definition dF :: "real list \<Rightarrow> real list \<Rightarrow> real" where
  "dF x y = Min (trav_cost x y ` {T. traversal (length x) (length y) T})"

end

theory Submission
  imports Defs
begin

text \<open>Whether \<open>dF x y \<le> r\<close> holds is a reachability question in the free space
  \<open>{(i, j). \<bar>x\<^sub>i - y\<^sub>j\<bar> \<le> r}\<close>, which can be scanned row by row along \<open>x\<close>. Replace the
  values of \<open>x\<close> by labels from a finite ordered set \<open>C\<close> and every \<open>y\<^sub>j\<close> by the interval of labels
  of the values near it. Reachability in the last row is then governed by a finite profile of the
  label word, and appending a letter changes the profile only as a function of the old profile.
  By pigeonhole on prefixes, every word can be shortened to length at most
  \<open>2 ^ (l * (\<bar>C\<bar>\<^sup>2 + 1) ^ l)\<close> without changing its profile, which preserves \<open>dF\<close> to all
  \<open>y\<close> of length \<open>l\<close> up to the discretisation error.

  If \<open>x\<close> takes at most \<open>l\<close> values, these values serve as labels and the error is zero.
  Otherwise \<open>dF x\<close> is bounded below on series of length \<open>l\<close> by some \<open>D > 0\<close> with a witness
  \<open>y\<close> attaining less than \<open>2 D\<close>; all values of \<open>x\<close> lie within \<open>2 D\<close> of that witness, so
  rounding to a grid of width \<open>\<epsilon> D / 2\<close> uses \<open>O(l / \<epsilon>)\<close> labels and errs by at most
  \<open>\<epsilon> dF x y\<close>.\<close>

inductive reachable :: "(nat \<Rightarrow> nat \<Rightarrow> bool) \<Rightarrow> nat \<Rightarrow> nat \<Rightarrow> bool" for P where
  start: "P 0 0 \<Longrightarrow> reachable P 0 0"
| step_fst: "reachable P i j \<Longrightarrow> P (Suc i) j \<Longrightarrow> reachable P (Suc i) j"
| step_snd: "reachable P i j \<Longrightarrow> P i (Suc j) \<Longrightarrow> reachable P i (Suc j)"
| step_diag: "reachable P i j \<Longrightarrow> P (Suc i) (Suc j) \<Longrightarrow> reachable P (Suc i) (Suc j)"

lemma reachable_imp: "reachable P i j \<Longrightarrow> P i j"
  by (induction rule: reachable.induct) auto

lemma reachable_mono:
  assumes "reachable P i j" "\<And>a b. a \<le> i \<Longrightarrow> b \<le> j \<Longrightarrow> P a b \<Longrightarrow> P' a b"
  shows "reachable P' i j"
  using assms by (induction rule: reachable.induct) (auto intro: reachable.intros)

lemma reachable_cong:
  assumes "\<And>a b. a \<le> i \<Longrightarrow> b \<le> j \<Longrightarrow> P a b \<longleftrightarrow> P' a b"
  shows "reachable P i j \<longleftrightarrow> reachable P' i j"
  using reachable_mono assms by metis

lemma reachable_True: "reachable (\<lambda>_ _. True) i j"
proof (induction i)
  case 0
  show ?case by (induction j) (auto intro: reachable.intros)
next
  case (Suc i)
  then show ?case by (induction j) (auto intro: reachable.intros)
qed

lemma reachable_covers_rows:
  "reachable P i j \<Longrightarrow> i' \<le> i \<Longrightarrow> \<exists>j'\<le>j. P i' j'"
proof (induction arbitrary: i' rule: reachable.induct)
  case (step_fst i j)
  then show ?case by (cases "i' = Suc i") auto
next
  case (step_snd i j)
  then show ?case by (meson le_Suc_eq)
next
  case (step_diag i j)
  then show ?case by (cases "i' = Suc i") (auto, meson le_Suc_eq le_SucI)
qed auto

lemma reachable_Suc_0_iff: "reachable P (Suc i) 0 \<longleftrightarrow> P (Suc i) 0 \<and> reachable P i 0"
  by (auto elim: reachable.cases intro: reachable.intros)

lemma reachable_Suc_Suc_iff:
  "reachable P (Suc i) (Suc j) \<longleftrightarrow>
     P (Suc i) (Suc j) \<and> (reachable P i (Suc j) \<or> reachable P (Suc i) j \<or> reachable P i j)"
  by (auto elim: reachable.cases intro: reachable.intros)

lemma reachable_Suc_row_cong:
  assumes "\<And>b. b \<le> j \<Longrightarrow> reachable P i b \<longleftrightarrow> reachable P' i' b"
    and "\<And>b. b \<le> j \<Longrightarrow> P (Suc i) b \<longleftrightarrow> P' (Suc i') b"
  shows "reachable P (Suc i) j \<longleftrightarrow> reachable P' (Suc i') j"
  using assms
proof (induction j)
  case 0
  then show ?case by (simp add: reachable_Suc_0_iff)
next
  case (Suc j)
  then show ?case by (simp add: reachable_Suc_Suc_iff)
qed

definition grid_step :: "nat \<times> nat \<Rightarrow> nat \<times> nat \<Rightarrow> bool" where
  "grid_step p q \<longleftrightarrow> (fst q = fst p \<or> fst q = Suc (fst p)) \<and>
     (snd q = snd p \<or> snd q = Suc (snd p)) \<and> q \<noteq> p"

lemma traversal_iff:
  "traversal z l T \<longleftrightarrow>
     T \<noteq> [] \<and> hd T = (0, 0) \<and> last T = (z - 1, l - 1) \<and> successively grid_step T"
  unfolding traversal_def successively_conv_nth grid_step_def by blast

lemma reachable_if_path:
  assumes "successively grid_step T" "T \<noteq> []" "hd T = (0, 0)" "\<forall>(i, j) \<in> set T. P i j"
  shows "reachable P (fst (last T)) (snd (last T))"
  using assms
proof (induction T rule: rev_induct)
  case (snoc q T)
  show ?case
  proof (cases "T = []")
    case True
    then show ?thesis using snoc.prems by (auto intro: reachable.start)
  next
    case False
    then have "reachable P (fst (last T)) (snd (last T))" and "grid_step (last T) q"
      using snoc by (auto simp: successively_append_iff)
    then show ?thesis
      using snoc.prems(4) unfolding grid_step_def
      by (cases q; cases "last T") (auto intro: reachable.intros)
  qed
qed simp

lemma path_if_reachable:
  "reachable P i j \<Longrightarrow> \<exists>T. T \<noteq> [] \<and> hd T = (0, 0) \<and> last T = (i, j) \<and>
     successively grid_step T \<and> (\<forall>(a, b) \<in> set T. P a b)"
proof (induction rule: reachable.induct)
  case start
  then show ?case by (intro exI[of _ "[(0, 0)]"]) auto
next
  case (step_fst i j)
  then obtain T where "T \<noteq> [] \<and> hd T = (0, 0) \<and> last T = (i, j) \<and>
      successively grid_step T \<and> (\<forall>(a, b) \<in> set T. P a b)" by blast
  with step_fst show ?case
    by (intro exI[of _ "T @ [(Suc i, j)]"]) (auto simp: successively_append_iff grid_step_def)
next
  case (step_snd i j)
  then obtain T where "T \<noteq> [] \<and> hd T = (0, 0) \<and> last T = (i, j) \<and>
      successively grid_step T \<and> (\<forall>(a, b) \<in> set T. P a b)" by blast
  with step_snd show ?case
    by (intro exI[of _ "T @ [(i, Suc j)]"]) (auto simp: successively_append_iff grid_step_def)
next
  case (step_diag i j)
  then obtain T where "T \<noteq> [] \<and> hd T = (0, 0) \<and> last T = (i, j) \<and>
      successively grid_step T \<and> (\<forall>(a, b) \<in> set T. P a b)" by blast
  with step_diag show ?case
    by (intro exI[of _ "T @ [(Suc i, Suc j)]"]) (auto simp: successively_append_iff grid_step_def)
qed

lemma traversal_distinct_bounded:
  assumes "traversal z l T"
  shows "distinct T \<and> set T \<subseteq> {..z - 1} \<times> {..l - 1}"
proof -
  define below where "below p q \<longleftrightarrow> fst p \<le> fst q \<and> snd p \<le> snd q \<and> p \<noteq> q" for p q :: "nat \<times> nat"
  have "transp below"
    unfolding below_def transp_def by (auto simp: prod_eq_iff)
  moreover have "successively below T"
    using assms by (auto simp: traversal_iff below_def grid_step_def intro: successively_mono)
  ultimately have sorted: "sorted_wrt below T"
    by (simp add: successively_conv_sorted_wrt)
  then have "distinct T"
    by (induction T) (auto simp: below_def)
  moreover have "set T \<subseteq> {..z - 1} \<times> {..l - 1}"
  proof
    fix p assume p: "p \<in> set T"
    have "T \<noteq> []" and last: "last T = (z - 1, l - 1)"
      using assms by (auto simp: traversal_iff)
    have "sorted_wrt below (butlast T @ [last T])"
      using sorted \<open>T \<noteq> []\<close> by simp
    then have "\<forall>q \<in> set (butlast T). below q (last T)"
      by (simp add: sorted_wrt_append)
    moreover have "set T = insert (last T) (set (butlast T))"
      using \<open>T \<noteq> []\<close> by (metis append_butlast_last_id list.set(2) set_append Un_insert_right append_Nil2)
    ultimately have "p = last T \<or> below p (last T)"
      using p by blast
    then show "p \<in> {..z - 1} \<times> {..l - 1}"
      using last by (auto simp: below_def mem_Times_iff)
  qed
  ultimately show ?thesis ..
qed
▬▬▬▬▬▬▬▬▬▬
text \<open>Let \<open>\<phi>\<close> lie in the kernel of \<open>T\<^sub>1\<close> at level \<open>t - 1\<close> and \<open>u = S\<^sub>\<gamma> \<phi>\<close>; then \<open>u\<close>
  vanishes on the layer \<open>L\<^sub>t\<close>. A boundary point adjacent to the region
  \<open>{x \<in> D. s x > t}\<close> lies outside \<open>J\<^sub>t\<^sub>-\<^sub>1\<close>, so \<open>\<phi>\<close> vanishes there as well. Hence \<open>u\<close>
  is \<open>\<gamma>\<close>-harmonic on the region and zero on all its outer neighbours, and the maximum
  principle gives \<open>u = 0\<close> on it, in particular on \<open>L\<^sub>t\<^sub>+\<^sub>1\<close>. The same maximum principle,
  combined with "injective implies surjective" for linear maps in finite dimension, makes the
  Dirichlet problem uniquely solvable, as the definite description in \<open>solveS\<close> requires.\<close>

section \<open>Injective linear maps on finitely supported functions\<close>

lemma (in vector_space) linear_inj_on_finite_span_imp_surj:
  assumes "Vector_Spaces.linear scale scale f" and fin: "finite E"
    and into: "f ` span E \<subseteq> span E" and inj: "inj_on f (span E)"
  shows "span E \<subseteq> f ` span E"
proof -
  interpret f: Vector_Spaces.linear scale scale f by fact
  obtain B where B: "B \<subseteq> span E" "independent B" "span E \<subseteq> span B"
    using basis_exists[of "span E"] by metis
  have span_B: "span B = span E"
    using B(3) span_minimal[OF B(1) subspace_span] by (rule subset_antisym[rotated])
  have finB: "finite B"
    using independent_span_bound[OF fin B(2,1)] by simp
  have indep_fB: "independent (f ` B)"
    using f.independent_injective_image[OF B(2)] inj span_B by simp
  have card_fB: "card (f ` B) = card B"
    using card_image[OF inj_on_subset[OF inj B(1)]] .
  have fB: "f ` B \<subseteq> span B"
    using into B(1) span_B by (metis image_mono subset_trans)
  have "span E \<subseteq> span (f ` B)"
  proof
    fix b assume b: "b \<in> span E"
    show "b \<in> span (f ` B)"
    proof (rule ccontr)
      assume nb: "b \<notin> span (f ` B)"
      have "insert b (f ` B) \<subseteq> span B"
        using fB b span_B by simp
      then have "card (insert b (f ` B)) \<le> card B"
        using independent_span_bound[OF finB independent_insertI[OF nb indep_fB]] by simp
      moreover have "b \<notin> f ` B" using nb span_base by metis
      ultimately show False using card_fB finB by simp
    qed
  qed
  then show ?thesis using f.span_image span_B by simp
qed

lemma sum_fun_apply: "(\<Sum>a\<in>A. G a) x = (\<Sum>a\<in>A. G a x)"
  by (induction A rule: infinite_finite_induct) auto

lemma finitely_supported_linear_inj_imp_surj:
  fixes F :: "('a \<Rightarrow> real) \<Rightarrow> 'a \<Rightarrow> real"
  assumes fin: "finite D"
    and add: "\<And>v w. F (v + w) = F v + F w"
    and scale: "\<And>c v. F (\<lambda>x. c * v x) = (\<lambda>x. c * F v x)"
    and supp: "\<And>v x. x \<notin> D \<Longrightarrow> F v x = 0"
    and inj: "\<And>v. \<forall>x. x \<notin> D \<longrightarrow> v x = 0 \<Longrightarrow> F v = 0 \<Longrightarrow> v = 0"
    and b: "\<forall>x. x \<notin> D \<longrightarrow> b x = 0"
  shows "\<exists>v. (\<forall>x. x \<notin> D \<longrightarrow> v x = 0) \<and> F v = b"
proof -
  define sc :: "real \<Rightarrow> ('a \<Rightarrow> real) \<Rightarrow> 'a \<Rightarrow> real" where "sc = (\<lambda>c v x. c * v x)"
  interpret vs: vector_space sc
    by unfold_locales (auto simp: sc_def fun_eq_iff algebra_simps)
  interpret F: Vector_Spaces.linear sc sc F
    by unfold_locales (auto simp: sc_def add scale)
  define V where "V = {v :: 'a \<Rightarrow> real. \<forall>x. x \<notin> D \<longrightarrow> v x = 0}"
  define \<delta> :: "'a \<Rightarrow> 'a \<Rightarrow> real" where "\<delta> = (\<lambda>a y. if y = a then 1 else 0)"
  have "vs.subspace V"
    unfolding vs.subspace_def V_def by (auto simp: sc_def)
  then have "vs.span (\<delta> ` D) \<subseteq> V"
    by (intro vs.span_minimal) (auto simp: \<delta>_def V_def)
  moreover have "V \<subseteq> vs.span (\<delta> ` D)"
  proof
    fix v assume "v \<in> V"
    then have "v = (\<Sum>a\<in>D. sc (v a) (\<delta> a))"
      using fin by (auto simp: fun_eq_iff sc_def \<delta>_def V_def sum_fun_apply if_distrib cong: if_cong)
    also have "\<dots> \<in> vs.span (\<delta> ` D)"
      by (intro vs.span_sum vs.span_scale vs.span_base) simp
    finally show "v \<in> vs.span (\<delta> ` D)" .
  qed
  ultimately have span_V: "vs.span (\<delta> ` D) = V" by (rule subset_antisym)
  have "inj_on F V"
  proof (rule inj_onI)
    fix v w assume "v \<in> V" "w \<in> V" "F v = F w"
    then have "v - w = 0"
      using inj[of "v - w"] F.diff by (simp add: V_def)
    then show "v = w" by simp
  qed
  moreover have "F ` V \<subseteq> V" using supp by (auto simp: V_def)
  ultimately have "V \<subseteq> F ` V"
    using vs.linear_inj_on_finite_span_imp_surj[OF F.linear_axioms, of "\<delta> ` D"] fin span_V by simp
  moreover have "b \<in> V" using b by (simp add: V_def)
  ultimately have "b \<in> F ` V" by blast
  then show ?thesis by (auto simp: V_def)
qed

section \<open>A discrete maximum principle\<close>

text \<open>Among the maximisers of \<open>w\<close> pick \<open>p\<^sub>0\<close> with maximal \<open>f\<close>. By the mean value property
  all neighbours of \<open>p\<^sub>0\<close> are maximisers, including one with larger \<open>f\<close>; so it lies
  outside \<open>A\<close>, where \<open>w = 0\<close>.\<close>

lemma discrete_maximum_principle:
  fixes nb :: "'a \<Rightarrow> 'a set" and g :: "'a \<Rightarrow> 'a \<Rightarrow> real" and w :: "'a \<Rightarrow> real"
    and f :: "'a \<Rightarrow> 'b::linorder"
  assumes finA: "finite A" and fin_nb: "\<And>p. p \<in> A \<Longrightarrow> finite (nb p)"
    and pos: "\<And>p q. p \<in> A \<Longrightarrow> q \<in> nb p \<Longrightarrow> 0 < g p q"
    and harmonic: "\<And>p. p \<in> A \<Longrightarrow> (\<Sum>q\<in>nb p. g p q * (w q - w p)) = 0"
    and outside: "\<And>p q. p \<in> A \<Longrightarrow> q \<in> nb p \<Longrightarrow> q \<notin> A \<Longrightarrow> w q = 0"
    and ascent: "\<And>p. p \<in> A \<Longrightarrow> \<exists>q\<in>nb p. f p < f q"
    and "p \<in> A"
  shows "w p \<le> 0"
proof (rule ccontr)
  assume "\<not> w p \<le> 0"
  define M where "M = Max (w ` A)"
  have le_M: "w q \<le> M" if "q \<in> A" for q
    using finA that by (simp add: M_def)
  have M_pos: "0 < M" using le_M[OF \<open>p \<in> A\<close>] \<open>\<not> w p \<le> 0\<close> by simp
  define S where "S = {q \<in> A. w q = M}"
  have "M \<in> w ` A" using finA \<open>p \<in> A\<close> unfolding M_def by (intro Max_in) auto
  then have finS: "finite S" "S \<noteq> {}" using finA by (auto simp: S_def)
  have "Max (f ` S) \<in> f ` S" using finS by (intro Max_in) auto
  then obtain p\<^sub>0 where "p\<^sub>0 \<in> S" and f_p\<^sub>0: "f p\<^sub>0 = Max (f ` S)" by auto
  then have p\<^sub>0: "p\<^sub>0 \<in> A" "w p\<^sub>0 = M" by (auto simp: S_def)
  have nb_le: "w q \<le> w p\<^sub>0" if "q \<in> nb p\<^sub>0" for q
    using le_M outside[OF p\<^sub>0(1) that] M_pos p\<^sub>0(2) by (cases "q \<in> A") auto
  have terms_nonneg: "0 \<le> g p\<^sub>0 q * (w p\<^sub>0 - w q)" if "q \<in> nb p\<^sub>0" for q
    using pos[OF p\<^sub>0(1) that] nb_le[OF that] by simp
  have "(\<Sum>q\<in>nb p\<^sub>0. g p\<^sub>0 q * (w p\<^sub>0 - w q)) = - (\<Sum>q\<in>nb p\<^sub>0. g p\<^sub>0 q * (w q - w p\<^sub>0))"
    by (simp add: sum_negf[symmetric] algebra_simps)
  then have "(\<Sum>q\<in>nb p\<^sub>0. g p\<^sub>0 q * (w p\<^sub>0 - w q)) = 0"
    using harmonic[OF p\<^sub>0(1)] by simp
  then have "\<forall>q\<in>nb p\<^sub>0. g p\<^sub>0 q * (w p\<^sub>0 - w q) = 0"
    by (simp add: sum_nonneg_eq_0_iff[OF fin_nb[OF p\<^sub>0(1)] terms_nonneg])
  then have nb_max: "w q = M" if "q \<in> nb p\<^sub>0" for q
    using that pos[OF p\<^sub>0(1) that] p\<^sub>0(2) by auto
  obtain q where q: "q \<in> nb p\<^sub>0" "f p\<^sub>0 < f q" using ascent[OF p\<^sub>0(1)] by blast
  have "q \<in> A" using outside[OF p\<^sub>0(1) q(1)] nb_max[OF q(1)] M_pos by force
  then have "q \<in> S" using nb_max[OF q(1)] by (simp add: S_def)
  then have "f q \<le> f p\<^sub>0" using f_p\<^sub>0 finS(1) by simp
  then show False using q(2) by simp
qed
▬▬▬▬▬▬▬▬▬▬
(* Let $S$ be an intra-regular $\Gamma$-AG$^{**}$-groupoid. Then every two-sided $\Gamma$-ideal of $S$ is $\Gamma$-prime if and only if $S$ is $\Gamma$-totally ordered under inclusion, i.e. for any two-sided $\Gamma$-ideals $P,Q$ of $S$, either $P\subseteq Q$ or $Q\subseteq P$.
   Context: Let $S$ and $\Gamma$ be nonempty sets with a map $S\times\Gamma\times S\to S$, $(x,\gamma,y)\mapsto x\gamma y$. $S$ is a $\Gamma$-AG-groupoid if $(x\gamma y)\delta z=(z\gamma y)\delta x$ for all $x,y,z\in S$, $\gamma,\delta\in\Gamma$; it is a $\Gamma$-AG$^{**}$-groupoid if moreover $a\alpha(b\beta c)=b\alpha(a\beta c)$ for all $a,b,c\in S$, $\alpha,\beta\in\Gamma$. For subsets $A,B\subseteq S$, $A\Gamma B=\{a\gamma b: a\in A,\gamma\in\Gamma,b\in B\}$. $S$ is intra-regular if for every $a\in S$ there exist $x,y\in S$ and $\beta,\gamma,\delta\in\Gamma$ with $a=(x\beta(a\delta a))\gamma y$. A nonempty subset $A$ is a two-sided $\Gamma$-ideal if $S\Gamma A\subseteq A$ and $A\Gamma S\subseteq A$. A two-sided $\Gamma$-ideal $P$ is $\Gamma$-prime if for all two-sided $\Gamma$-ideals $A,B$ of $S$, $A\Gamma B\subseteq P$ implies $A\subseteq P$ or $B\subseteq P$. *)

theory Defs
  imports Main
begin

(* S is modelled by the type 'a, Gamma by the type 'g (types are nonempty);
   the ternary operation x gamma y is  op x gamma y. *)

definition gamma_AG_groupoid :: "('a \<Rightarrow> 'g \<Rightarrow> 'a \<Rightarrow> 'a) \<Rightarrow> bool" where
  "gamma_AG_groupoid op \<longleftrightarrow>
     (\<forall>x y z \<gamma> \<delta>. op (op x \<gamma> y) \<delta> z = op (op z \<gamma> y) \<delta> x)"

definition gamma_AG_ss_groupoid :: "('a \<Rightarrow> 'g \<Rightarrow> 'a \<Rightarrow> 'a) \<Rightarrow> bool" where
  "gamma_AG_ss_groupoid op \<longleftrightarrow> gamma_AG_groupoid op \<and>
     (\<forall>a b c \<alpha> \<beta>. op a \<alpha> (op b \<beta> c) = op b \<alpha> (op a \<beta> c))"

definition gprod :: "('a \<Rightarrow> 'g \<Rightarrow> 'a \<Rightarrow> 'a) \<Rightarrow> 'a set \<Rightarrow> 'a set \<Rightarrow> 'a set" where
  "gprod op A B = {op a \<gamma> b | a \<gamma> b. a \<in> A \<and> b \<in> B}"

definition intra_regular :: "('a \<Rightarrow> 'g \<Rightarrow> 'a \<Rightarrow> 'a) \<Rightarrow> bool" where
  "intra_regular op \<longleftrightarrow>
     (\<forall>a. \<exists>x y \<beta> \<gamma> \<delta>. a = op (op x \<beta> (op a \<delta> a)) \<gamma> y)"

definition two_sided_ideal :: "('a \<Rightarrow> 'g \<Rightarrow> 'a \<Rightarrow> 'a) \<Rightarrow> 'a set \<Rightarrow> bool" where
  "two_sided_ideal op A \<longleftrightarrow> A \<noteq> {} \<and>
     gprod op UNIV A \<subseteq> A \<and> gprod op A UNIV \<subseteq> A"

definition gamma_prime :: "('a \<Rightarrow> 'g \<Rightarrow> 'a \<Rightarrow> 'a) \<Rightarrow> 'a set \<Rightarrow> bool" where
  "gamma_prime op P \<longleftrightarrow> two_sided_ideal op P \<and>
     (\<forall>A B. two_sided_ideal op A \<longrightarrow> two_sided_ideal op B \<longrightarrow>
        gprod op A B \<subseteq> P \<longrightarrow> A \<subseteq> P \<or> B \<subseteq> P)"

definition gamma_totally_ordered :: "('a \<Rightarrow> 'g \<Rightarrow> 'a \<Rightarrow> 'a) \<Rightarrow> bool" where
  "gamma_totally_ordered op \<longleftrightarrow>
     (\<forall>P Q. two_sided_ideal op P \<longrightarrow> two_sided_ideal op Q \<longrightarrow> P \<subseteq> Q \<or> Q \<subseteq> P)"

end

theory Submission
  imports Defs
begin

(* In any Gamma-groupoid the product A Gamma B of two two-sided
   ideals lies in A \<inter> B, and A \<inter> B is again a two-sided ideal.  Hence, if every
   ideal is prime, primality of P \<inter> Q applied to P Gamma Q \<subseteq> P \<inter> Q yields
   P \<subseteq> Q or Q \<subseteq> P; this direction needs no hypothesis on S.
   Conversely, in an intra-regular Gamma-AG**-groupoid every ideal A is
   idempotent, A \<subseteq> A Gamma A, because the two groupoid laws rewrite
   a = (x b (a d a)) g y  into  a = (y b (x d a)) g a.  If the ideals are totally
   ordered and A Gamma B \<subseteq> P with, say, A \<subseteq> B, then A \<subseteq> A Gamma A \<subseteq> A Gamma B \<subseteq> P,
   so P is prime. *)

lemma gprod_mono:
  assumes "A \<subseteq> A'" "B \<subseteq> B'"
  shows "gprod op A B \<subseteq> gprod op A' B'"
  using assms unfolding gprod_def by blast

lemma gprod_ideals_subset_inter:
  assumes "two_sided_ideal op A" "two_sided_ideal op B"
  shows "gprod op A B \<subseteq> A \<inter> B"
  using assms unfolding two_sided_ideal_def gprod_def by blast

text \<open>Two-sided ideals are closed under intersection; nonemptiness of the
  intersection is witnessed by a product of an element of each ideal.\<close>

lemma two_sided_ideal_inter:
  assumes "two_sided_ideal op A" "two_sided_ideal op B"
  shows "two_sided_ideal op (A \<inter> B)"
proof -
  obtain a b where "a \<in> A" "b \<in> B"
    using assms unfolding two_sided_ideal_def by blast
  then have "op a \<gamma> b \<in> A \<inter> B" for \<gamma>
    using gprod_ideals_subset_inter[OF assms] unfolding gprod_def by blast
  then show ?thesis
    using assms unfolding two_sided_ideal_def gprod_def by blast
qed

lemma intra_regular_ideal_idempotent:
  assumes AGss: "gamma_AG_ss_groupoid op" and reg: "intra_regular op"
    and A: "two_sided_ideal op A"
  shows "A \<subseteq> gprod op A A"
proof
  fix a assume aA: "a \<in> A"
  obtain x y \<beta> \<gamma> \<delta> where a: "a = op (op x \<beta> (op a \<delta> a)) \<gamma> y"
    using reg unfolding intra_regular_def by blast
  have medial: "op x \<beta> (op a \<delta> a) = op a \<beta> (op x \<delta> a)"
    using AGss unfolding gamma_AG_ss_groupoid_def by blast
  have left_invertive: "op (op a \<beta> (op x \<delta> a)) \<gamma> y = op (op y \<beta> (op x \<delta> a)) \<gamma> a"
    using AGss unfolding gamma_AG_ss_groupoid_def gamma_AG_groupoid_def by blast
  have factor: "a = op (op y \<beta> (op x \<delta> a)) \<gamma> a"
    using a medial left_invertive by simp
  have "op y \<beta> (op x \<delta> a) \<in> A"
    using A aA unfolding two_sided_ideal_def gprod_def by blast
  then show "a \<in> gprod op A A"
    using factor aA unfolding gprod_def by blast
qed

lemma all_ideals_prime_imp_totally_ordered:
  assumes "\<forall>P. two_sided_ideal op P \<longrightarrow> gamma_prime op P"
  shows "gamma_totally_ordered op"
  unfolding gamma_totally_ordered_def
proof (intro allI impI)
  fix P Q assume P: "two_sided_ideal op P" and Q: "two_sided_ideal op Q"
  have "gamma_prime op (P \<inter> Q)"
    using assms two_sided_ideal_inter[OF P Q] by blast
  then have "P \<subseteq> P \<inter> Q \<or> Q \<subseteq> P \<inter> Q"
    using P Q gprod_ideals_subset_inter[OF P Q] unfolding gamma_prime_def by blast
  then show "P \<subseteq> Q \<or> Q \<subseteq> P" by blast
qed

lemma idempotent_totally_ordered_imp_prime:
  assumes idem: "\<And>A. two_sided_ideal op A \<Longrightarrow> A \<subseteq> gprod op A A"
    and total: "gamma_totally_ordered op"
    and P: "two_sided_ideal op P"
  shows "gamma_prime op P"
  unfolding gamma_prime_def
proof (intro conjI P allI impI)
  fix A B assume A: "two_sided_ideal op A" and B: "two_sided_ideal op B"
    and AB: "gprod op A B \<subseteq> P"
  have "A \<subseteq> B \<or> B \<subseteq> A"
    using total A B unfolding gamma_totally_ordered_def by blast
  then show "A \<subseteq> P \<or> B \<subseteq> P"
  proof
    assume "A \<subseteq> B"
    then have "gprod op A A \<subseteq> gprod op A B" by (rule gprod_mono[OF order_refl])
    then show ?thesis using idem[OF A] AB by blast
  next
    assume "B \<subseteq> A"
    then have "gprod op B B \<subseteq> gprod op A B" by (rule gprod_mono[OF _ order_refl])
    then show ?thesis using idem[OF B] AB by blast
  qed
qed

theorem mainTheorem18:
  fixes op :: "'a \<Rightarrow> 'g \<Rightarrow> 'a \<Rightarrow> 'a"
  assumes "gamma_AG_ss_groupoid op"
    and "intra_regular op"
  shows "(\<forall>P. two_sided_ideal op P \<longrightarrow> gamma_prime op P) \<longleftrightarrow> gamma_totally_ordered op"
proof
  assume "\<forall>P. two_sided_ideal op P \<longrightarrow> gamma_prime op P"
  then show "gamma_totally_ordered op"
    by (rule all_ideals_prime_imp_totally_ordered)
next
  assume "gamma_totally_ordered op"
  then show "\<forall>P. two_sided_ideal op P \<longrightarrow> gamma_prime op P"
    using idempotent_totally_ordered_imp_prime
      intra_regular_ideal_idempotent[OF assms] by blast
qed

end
▬▬▬▬▬▬▬▬▬▬
» DESCRIPTION OF THE TASK: Retype only the stretch of lines above starting at the one with "list \<Rightarrow> real list" and stopping at the one with "preserves \<open>dF\<close> to all", exactly as written, with both kept.

» SOLUTION:
definition dF :: "real list \<Rightarrow> real list \<Rightarrow> real" where
  "dF x y = Min (trav_cost x y ` {T. traversal (length x) (length y) T})"

end

theory Submission
  imports Defs
begin

text \<open>Whether \<open>dF x y \<le> r\<close> holds is a reachability question in the free space
  \<open>{(i, j). \<bar>x\<^sub>i - y\<^sub>j\<bar> \<le> r}\<close>, which can be scanned row by row along \<open>x\<close>. Replace the
  values of \<open>x\<close> by labels from a finite ordered set \<open>C\<close> and every \<open>y\<^sub>j\<close> by the interval of labels
  of the values near it. Reachability in the last row is then governed by a finite profile of the
  label word, and appending a letter changes the profile only as a function of the old profile.
  By pigeonhole on prefixes, every word can be shortened to length at most
  \<open>2 ^ (l * (\<bar>C\<bar>\<^sup>2 + 1) ^ l)\<close> without changing its profile, which preserves \<open>dF\<close> to all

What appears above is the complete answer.